May 18, 2014
By Sheryl Smolkin
Over the last few weeks, the Globe & Mail has featured an interesting series on debt, and how it is affecting both individuals and the economy. If you haven’t been following it, take a look at some of the stories below:
I particularly like Rob Carrick’s article There’s no such thing as good debt. Mortgages, investment loans and student loans have traditionally been characterized as “good” debt. Carrick agrees borrowing for each of these purposes can be a rational thing to do and you may end up wealthier as a result. But he concludes there are too many pitfalls today for any one of them to qualify as a no-brainer financial decision.

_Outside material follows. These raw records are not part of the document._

(* With the notation of the context, let $\iota:G\rtimes M_G\to \mathrm{GL}(V)$ be a finite-dimensional complex representation, extended to an algebra morphism $\iota:\mathbb{Z}[G\rtimes M_G]\to\mathrm{End}(V)$, and define $\widetilde{\rho_V}:\mathcal{G}\to \mathrm{GL}(V^{\oplus N})$ by applying $\iota$ entrywise to the matrix $\widetilde{\rho_G}(g)$. Then $\widetilde{\rho_V}$ is a $\mathbb{C}$-linear representation of $\mathcal{G}$. Moreover: (i) if $\iota(m)\notin\iota(\mathbb{Z}[G])$ for every $m\neq 1$ in $M_G$, then $\mathrm{Ker}(\widetilde{\rho_V})$ is a subgroup of $K_G$; (ii) if furthermore the restriction $\iota:\mathbb{Z}[G]\to\mathrm{End}(V)$ is injective, then $\mathrm{Ker}(\widetilde{\rho_V})=\mathrm{Ker}(\widetilde{\rho_G})$.
   Context: Setting: $\mathcal{G}$ is a group isotopically acting on a based manifold $(X,x)$ (a homomorphism to the group of homeomorphisms fixing $x$ modulo isotopies fixing $x$); $N\triangleleft\pi_1(X,x)$ is $\mathcal{G}$-stable, $G=\pi_1(X,x)/N$, $X_G$ the associated regular cover, $M_G$ and $K_G$ the image and kernel of the induced map $\mathcal{G}\to\mathrm{Aut}(G)$, $f\mapsto f_*$. Each $f$ lifts to $f_G$ acting on $H_*(X_G,\mathbb{Z})$ with $f_G(g\cdot v)=f_*(g)f_G(v)$. Assume $H_*(X_G,\mathbb{Z})$ is a free $\mathbb{Z}[G]$-module with basis $\mathcal{B}=\{e_1,\dots,e_N\}$; $\mathrm{Mat}_{\mathcal{B}}(f)$ has $(i,j)$ entry $a_{ij}^*$ where $a_{ij}$ is the coefficient of $e_i$ in $f(e_j)$ and $*$ is the anti-involution $g\mapsto g^{-1}$. The representation $\widetilde{\rho_G}:\mathcal{G}\to\mathrm{GL}_N(\mathbb{Z}[G\rtimes M_G])$ is $\widetilde{\rho_G}(f)=\mathrm{Mat}_{\mathcal{B}}(f_G)(f_*I_N)$, with $f_*I_N$ the scalar diagonal matrix with entries $f_*\in M_G$; $\rho_G$ is its restriction to $K_G$, valued in $\mathrm{GL}_N(\mathbb{Z}[G])$. *)

theory Defs
  imports "HOL-Algebra.Group" "HOL-Algebra.Coset" "HOL-Algebra.Bij" "Jordan_Normal_Form.Matrix"
begin

text \<open>Elements are pairs (g, m) with g in G and m in M (an automorphism of G,
  represented as an extensional function on carrier G). An element g of G is identified with (g, id),
  an element m of M with (1, m).\<close>

definition sdprod :: "('a, 'b) monoid_scheme \<Rightarrow> ('a \<Rightarrow> 'a) set \<Rightarrow> ('a \<times> ('a \<Rightarrow> 'a)) monoid" where
  "sdprod G M =
    \<lparr>carrier = carrier G \<times> M,
     Group.monoid.mult = (\<lambda>(g, m) (g', m'). (g \<otimes>\<^bsub>G\<^esub> m g', compose (carrier G) m m')),
     Group.monoid.one = (\<one>\<^bsub>G\<^esub>, (\<lambda>x\<in>carrier G. x))\<rparr>"

text \<open>Elements of Z[H]: finitely supported functions carrier H \<rightarrow> int (zero outside carrier H).\<close>

definition gr_supp :: "('h, 'b) monoid_scheme \<Rightarrow> ('h \<Rightarrow> int) \<Rightarrow> 'h set" where
  "gr_supp H a = {h \<in> carrier H. a h \<noteq> 0}"

definition gr_elem :: "('h, 'b) monoid_scheme \<Rightarrow> ('h \<Rightarrow> int) \<Rightarrow> bool" where
  "gr_elem H a \<longleftrightarrow> finite (gr_supp H a) \<and> (\<forall>h. h \<notin> carrier H \<longrightarrow> a h = 0)"

definition gr_mult :: "('h, 'b) monoid_scheme \<Rightarrow> ('h \<Rightarrow> int) \<Rightarrow> ('h \<Rightarrow> int) \<Rightarrow> ('h \<Rightarrow> int)" where
  "gr_mult H a b = (\<lambda>h. if h \<in> carrier H
      then (\<Sum>k\<in>gr_supp H a. a k * b (inv\<^bsub>H\<^esub> k \<otimes>\<^bsub>H\<^esub> h)) else 0)"

definition gr_delta :: "('h, 'b) monoid_scheme \<Rightarrow> 'h \<Rightarrow> ('h \<Rightarrow> int)" where
  "gr_delta H x = (\<lambda>h. if h = x then 1 else 0)"

section \<open>N x N matrices over Z[H] (indices 0..N-1, zero outside)\<close>

type_synonym 'h grmat = "nat \<Rightarrow> nat \<Rightarrow> ('h \<Rightarrow> int)"

definition gr_mat_mult :: "('h, 'b) monoid_scheme \<Rightarrow> nat \<Rightarrow> 'h grmat \<Rightarrow> 'h grmat \<Rightarrow> 'h grmat" where
  "gr_mat_mult H N A B = (\<lambda>i j. if i < N \<and> j < N
      then (\<lambda>h. \<Sum>k<N. gr_mult H (A i k) (B k j) h) else (\<lambda>_. 0))"

definition gr_mat_one :: "('h, 'b) monoid_scheme \<Rightarrow> nat \<Rightarrow> 'h grmat" where
  "gr_mat_one H N = (\<lambda>i j. if i < N \<and> j < N \<and> i = j then gr_delta H \<one>\<^bsub>H\<^esub> else (\<lambda>_. 0))"

text \<open>rhoGt: f \<mapsto> Mat(f_G) \<cdot> (f_* I_N), where f_* I_N is the scalar matrix with
  entries the group-ring element [(1, f_*)] of Z[G \<rtimes> M_G].\<close>
definition rhoGt ::
  "('a, 'b) monoid_scheme \<Rightarrow> ('a \<times> ('a \<Rightarrow> 'a)) monoid \<Rightarrow> nat \<Rightarrow> ('g \<Rightarrow> 'a \<Rightarrow> 'a)
   \<Rightarrow> ('g \<Rightarrow> ('a \<times> ('a \<Rightarrow> 'a)) grmat) \<Rightarrow> 'g \<Rightarrow> ('a \<times> ('a \<Rightarrow> 'a)) grmat" where
  "rhoGt G H N phi Mat f = (\<lambda>i j. if i < N \<and> j < N
      then gr_mult H (Mat f i j) (gr_delta H (\<one>\<^bsub>G\<^esub>, phi f)) else (\<lambda>_. 0))"

definition iota_ext :: "('h, 'b) monoid_scheme \<Rightarrow> nat \<Rightarrow> ('h \<Rightarrow> complex mat) \<Rightarrow> ('h \<Rightarrow> int) \<Rightarrow> complex mat" where
  "iota_ext H d \<iota> a = mat d d (\<lambda>(r, c). \<Sum>h\<in>gr_supp H a. of_int (a h) * (\<iota> h $$ (r, c)))"

text \<open>Entrywise application of iota to an N x N matrix over Z[H], giving an
  endomorphism of V^N (V = C^d), as an (N d) x (N d) block matrix.\<close>
definition iota_block :: "('h, 'b) monoid_scheme \<Rightarrow> nat \<Rightarrow> nat \<Rightarrow> ('h \<Rightarrow> complex mat) \<Rightarrow> 'h grmat \<Rightarrow> complex mat" where
  "iota_block H N d \<iota> A = mat (N * d) (N * d)
      (\<lambda>(r, c). iota_ext H d \<iota> (A (r div d) (c div d)) $$ (r mod d, c mod d))"

end

theory Submission
  imports Defs
begin

(* Applying \<iota> entrywise is multiplicative because \<iota> extends to a ring homomorphism
   Z[G \<rtimes> M_G] \<rightarrow> End(V) (convolution goes to the matrix product) and block matrices multiply
   blockwise, so rho_V is a representation.  If rho_V(f) = 1, its (0,0) block reads
   \<iota>(a) \<iota>(1, phi f) = 1 with a \<in> Z[G], i.e. \<iota>(a) = \<iota>(1, (phi f)^-1); the separation hypothesis
   forces phi f = 1, so f \<in> K_G.  Then rho_G(f) = Mat(f) has entries in Z[G], and injectivity of
   \<iota> on Z[G] turns rho_V(f) = 1 into rho_G(f) = 1 block by block. *)

lemma carrier_AutoGroup: "carrier (AutoGroup G) = auto G"
  by (simp add: AutoGroup_def BijGroup_def)

lemma one_AutoGroup: "\<one>\<^bsub>AutoGroup G\<^esub> = (\<lambda>x\<in>carrier G. x)"
  by (simp add: AutoGroup_def BijGroup_def)

lemma mult_AutoGroup:
  "m \<in> auto G \<Longrightarrow> m' \<in> auto G \<Longrightarrow> m \<otimes>\<^bsub>AutoGroup G\<^esub> m' = compose (carrier G) m m'"
  by (simp add: AutoGroup_def BijGroup_def auto_def)

lemma carrier_sdprod: "carrier (sdprod G M) = carrier G \<times> M"
  by (simp add: sdprod_def)
(* There exist quaternary Hermitian LCD codes with parameters $[22,12,7]$, $[23,13,7]$, $[24,14,7]$ and $[25,15,7]$.
   Context: $\mathbb{F}_4=\{0,1,\omega,\omega^2\}$. A quaternary $[n,k,d]$ code is a $k$-dimensional subspace $C\subseteq\mathbb{F}_4^n$ with minimum nonzero Hamming weight $d$. The Hermitian inner product is $\langle x,y\rangle_H=\sum x_i y_i^2$ and $C^{\perp_H}$ is the corresponding dual; $C$ is Hermitian LCD if $C\cap C^{\perp_H}=\{0\}$. *)

theory Defs
  imports "HOL-Analysis.Analysis"
begin

datatype gf4 = Z4 | O4 | W4 | WW4
  (* Z4 = 0, O4 = 1, W4 = omega, WW4 = omega^2 *)

fun gf4_add :: "gf4 \<Rightarrow> gf4 \<Rightarrow> gf4" where
  "gf4_add Z4 y = y"
| "gf4_add x Z4 = x"
| "gf4_add O4 O4 = Z4" | "gf4_add O4 W4 = WW4" | "gf4_add O4 WW4 = W4"
| "gf4_add W4 O4 = WW4" | "gf4_add W4 W4 = Z4" | "gf4_add W4 WW4 = O4"
| "gf4_add WW4 O4 = W4" | "gf4_add WW4 W4 = O4" | "gf4_add WW4 WW4 = Z4"

fun gf4_mul :: "gf4 \<Rightarrow> gf4 \<Rightarrow> gf4" where
  "gf4_mul Z4 y = Z4"
| "gf4_mul x Z4 = Z4"
| "gf4_mul O4 y = y"
| "gf4_mul x O4 = x"
| "gf4_mul W4 W4 = WW4" | "gf4_mul W4 WW4 = O4"
| "gf4_mul WW4 W4 = O4" | "gf4_mul WW4 WW4 = W4"

fun gf4_inv :: "gf4 \<Rightarrow> gf4" where
  "gf4_inv Z4 = Z4" | "gf4_inv O4 = O4" | "gf4_inv W4 = WW4" | "gf4_inv WW4 = W4"

lemma gf4_cases_all: "(\<forall>x::gf4. P x) \<longleftrightarrow> P Z4 \<and> P O4 \<and> P W4 \<and> P WW4"
  by (metis gf4.exhaust)

instantiation gf4 :: field
begin
definition "0 = Z4"
definition "1 = O4"
definition "x + y = gf4_add x y"
definition "x * y = gf4_mul x y"
definition "uminus (x::gf4) = x"
definition "x - y = gf4_add x y"
definition "inverse x = gf4_inv x"
definition "x div y = gf4_mul x (gf4_inv y)"
instance
proof
  fix a b c :: gf4
  show "a + b + c = a + (b + c)" unfolding plus_gf4_def
    by (cases a; cases b; cases c) simp_all
  show "a + b = b + a" unfolding plus_gf4_def by (cases a; cases b) simp_all
  show "0 + a = a" unfolding plus_gf4_def zero_gf4_def by (cases a) simp_all
  show "- a + a = 0" unfolding plus_gf4_def zero_gf4_def uminus_gf4_def by (cases a) simp_all
  show "a - b = a + - b" unfolding plus_gf4_def minus_gf4_def uminus_gf4_def by simp
  show "a * b * c = a * (b * c)" unfolding times_gf4_def
    by (cases a; cases b; cases c) simp_all
  show "a * b = b * a" unfolding times_gf4_def by (cases a; cases b) simp_all
  show "1 * a = a" unfolding times_gf4_def one_gf4_def by (cases a) simp_all
  show "(a + b) * c = a * c + b * c" unfolding times_gf4_def plus_gf4_def
    by (cases a; cases b; cases c) simp_all
  show "(0::gf4) \<noteq> 1" unfolding zero_gf4_def one_gf4_def by simp
  show "a \<noteq> 0 \<Longrightarrow> inverse a * a = 1" unfolding times_gf4_def inverse_gf4_def
      zero_gf4_def one_gf4_def by (cases a) simp_all
  show "a div b = a * inverse b" unfolding times_gf4_def inverse_gf4_def divide_gf4_def by simp
  show "inverse (0::gf4) = 0" unfolding inverse_gf4_def zero_gf4_def by simp
qed
end

definition hamming_weight :: "gf4 ^ 'n \<Rightarrow> nat" where
  "hamming_weight x = card {i. x $ i \<noteq> 0}"

definition min_weight :: "(gf4 ^ 'n) set \<Rightarrow> nat" where
  "min_weight C = Min (hamming_weight ` (C - {0}))"

definition is_code :: "(gf4 ^ 'n) set \<Rightarrow> nat \<Rightarrow> nat \<Rightarrow> bool" where
  "is_code C k d \<longleftrightarrow> vec.subspace C \<and> vec.dim C = k \<and> C \<noteq> {0} \<and> min_weight C = d"

definition herm_inner :: "gf4 ^ 'n \<Rightarrow> gf4 ^ 'n \<Rightarrow> gf4" where
  "herm_inner x y = (\<Sum>i\<in>UNIV. x $ i * (y $ i) ^ 2)"

definition herm_dual :: "(gf4 ^ 'n) set \<Rightarrow> (gf4 ^ 'n) set" where
  "herm_dual C = {y. \<forall>x\<in>C. herm_inner x y = 0}"

definition herm_LCD :: "(gf4 ^ 'n) set \<Rightarrow> bool" where
  "herm_LCD C \<longleftrightarrow> C \<inter> herm_dual C = {0}"

end

theory Submission
  imports Defs
begin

Big Cajun Man (Alan Whitton) on the Canadian Personal Finance lists several articles about the evils of debt among his personal favourites. In 2008, he wrote Debt is like Fat. He says that just like his weight gain occurred a little at a time over 14 years, if you are not careful, debt build up can occur slowly without your noticing it.
If you are facing a mountain of debt and don’t know where to start, take a look at How I Paid Off $30,000 of Debt in Two Years, The Blog Post I’ve Been Waiting to Write and What a Year of Being Debt-Free Has Taught Me by Cait Flanders, who blogs at Blonde on a Budget.
In 2013, Krystal Yee at Give me back my five bucks wrote How do you fight debt fatigue?. Debt fatigue is a mental state that can happen when you’ve been in debt for so long that you think you’ll never dig yourself out of the hole you’ve created for yourself. She quotes financial expert Gail Vaz-Oxlade who often tells people on her television shows to try and make a plan to get out of debt in 36 months or less – because anything more than three years, and you’ll likely suffer from some form of debt fatigue.
And finally, in a guest post on the Canadian Finance blog, Jim Yih from Retire Happy wrote that Debt Can Be A Problem For The Baby Boomers’ Retirement Plans. He says baby boomers who are getting ready for retirement need to get serious about planning for the best years of their lives. Part of getting serious is addressing debt head on and taking the necessary steps to develop good habits around debt. His five tips on how boomers can deal with the debt epidemic are: stop overspending; increase your income; get support; focus on you before your kids; and, take one step at a time.